I’ll paint the picture for you:
You meet a new guy and everything is great. You’re going to dinners, hanging out with each other’s friends, and maybe even binging the same show together. This is no longer just “that guy” you’re hooking up with anymore when you’re talking to your friends – you’re using his actual name.
Everything seems to be going down the right path and you’re confident as hell this could work out… until he drops a name you’ve never heard, but a name you’ll learn to know – it’s his ex-girlfriend.
The happy-bubble is popped and you realize, he’s human and he has a past.
Just like every other girl on this planet – I have an ex. And for some reason or another every time someone new is dating him or starting to see him, I catch them all on my social media pages trying to uncover the mystery of who I am.

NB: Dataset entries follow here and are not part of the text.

lemma walk_between_free_layers:
  assumes "\<forall>x\<in>S. fst x \<notin> {min n n'..max n n'}"
  shows "reachable_off S (n, k) (n', k')"
proof -
  have free: "(m, j) \<notin> S" if "min n n' \<le> m" "m \<le> max n n'" for m j
    using assms that by force
  have d: "min n n' + int (nat (max n n' - min n n')) = max n n'" by simp
  have "reachable_off S (min n n', j) (max n n', j')" for j j'
    using walk_up[of "min n n'" "nat (max n n' - min n n')" S j j'] free unfolding d by blast
  then show ?thesis by (cases "n \<le> n'") (auto intro: reachable_off_sym)
qed

lemma connected: "graph_connected E"
proof -
  have "reachable_off {} u v" for u v
    using walk_between_free_layers[of "{}" "fst u" "fst v" "snd u" "snd v"] by simp
  moreover have "delete_vertices E {} = E" by (simp add: delete_vertices_def)
  ultimately show ?thesis by (simp add: graph_connected_def)
qed
(* Let $Q$ be a quantum circuit acting on $w$ qubits and let $N$ be a positive integer that is a power of two; set $l=\log_2N+3$. Let $R_2^{(N)}$ be the circuit with registers: an $l$-qubit counter register $\mathsf{C}$ whose first two qubits $\mathsf{C}^{(1)},\mathsf{C}^{(2)}$ are the first two qubits of the whole circuit and hold the two most significant bits, a single-qubit register $\mathsf{Q}$, and for each $j\in\{1,\dots,8N\}$ a $(w-1)$-qubit register $\mathsf{R}_j$ and a single-qubit register $\mathsf{X}_j$; it first applies $U^{(8N)}_{+1}$ to $\mathsf{C}$ exactly $N$ times, where $U^{(8N)}_{+1}|j\rangle=|(j+1)\bmod 8N\rangle$, and then for $j=1,\dots,8N$ in turn applies $Q$ to $(\mathsf{Q},\mathsf{R}_j)$ (with $\mathsf{Q}$ as $Q$'s first qubit), CNOT with control $\mathsf{Q}$ and target $\mathsf{X}_j$, and the controlled-$U^{(8N)}_{+1}$ with control $\mathsf{Q}$ and target $\mathsf{C}$; its output qubit is $\mathsf{C}^{(1)}$. Then \[p_{\mathrm{acc}}(R_2^{(N)},2)\ge\bigl(p_{\mathrm{acc}}(Q,1)\bigr)^{8N-1}.\]
   Context: For a circuit $Q$ on $w$ qubits and $1\le k\le w$, $p_{\mathrm{acc}}(Q,k)=\mathrm{tr}\,\Pi_{\mathrm{acc}}Q\rho^{(w,k)}_{\mathrm{init}}Q^\dagger$, where $\rho^{(w,k)}_{\mathrm{init}}=(|0\rangle\langle0|)^{\otimes k}\otimes(I/2)^{\otimes(w-k)}$ and $\Pi_{\mathrm{acc}}=|0\rangle\langle0|\otimes I^{\otimes(w-1)}$; i.e., the first $k$ qubits start in $|0\rangle$, the remaining qubits are maximally mixed, and acceptance means the first qubit is measured as $0$ in the computational basis. For $R_2^{(N)}$, only $\mathsf{C}^{(1)}$ and $\mathsf{C}^{(2)}$ are clean; all other qubits start maximally mixed. The counter register $\mathsf{C}$ encodes an integer in $\{0,\dots,8N-1\}$ in binary. *)

theory Defs
  imports "Jordan_Normal_Form.Schur_Decomposition" "HOL-Library.Discrete_Functions"
begin

text \<open>Computational basis index a < 2^n encodes the bit string b_0 b_1 ... b_(n-1),
  where qubit number t (0-based position; "first qubit" = position 0) is the
  bit of weight 2^(n-1-t), i.e. the first qubit is the most significant bit.\<close>

definition qbit :: "nat \<Rightarrow> nat \<Rightarrow> nat \<Rightarrow> nat" where
  "qbit n a t = (a div 2 ^ (n - 1 - t)) mod 2"

definition unitary_mat :: "nat \<Rightarrow> complex mat \<Rightarrow> bool" where
  "unitary_mat d U \<longleftrightarrow> U \<in> carrier_mat d d \<and> U * mat_adjoint U = 1\<^sub>m d \<and> mat_adjoint U * U = 1\<^sub>m d"

text \<open>Initial state rho_init^(w,k) = |0><0|^(tensor k) tensor (I/2)^(tensor (w-k)):
  diagonal, with entry 1/2^(w-k) on basis states whose first k qubits are 0.\<close>
definition rho_init :: "nat \<Rightarrow> nat \<Rightarrow> complex mat" where
  "rho_init w k = mat (2^w) (2^w) (\<lambda>(a,b).
     if a = b \<and> (\<forall>t<k. qbit w a t = 0) then 1 / 2 ^ (w - k) else 0)"

definition Pi_acc :: "nat \<Rightarrow> complex mat" where
  "Pi_acc w = mat (2^w) (2^w) (\<lambda>(a,b). if a = b \<and> qbit w a 0 = 0 then 1 else 0)"

definition mat_trace :: "complex mat \<Rightarrow> complex" where
  "mat_trace A = (\<Sum>i<dim_row A. A $$ (i,i))"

Whether the girl’s mom accidentally likes my picture (awkward) or they not so secretly watch my Instagram story, I can’t help but feel like I’m being trolled for no f*cking reason. It leaves me wondering just one thing: why?
And I wonder: Why do women get so wrapped up in the past of our men? Is it insecurity? Are we a little crazy? Or just plain nosey? Here are a few things to consider next time you are digging up the dirt on your new man’s past.
1. Are you trolling because your new man makes you think he’s still into his ex?
If this is the case, you need to be honest with him and you need to be honest with yourself. If he just got out of – let’s say a six-month relationship – chances are the emotional depth of this might not be the same as a four-year one.
Did you find an old card or picture in his room? That could be a red flag that he’s holding onto his past or it could mean he doesn’t clean enough. Is he bringing her up in regular conversation or avoiding the topic at all cost? Either extreme probably means he hasn’t resolved his feelings for her. Is it fair to yourself to emotionally invest into a person who might not be able to emotionally invest in you?
If he can’t have an open conversation about it, that could be a sign about how he handles other touchy subjects later on.
2. Are you comparing yourself to the women of his past?
It’s 2017 and if you’re a girl who still believes after everything we know about men, that looks are what will keep him, you are wrong and you should know that from now. Yes, men are visual creatures and yes – if you are their “type” the chances of him talking to you or approaching you might be that much higher. But personality and the person you’re spending the time with matters just as much and, chances are, if he’s spending time with you – he’s not comparing you two in looks. He’s just enjoying you as a person.
3. Don’t you have a past also?
Come on girl, look in the mirror.
How would you feel if your new boo looked up your irrelevant AF ex and found pictures of you guys from your 2015 summer vacation? Of course, you look happy with him, you were dating! Just because you catch a glimpse of your man’s past with his ex doesn’t mean you have the slightest clue about what became their future. Maybe he was on that vacation thinking about how it would be the last one. Either way – it’s just not your business.
4. You can’t get mad at what you find.
You might find that your new man was actually pretty close with his ex’s family, or that they spent every Sunday watching football together. Either way, you can’t get jealous, start inviting him to every family BBQ and get mad when he wants to take things slow. That stuff takes time. And you can’t freak out that you’ve been told: “Sundays are for the boys.”
It’s not about her and what they did together, it’s about you two now and your common ground.
5. And finally – aren’t you more than that?
Girl, the first thing a man loves is confidence.
The second you show signs of jealousy and insecurity you’re already losing. As the ex who is constantly trolled, I promise you – we don’t care about you as much as you might care about us.
The past is the past, and things change. We wish you could realize how important that is for you to know. You are so much more than just a comparison to the girl before you. And it’s not because you’re better or she’s worse, but because you are your own person and you are your own worth. There’s something about you that’s unique and your man likes – but should like yourself enough to know your worth as well. That’s what’s more important than being “better” than the ex.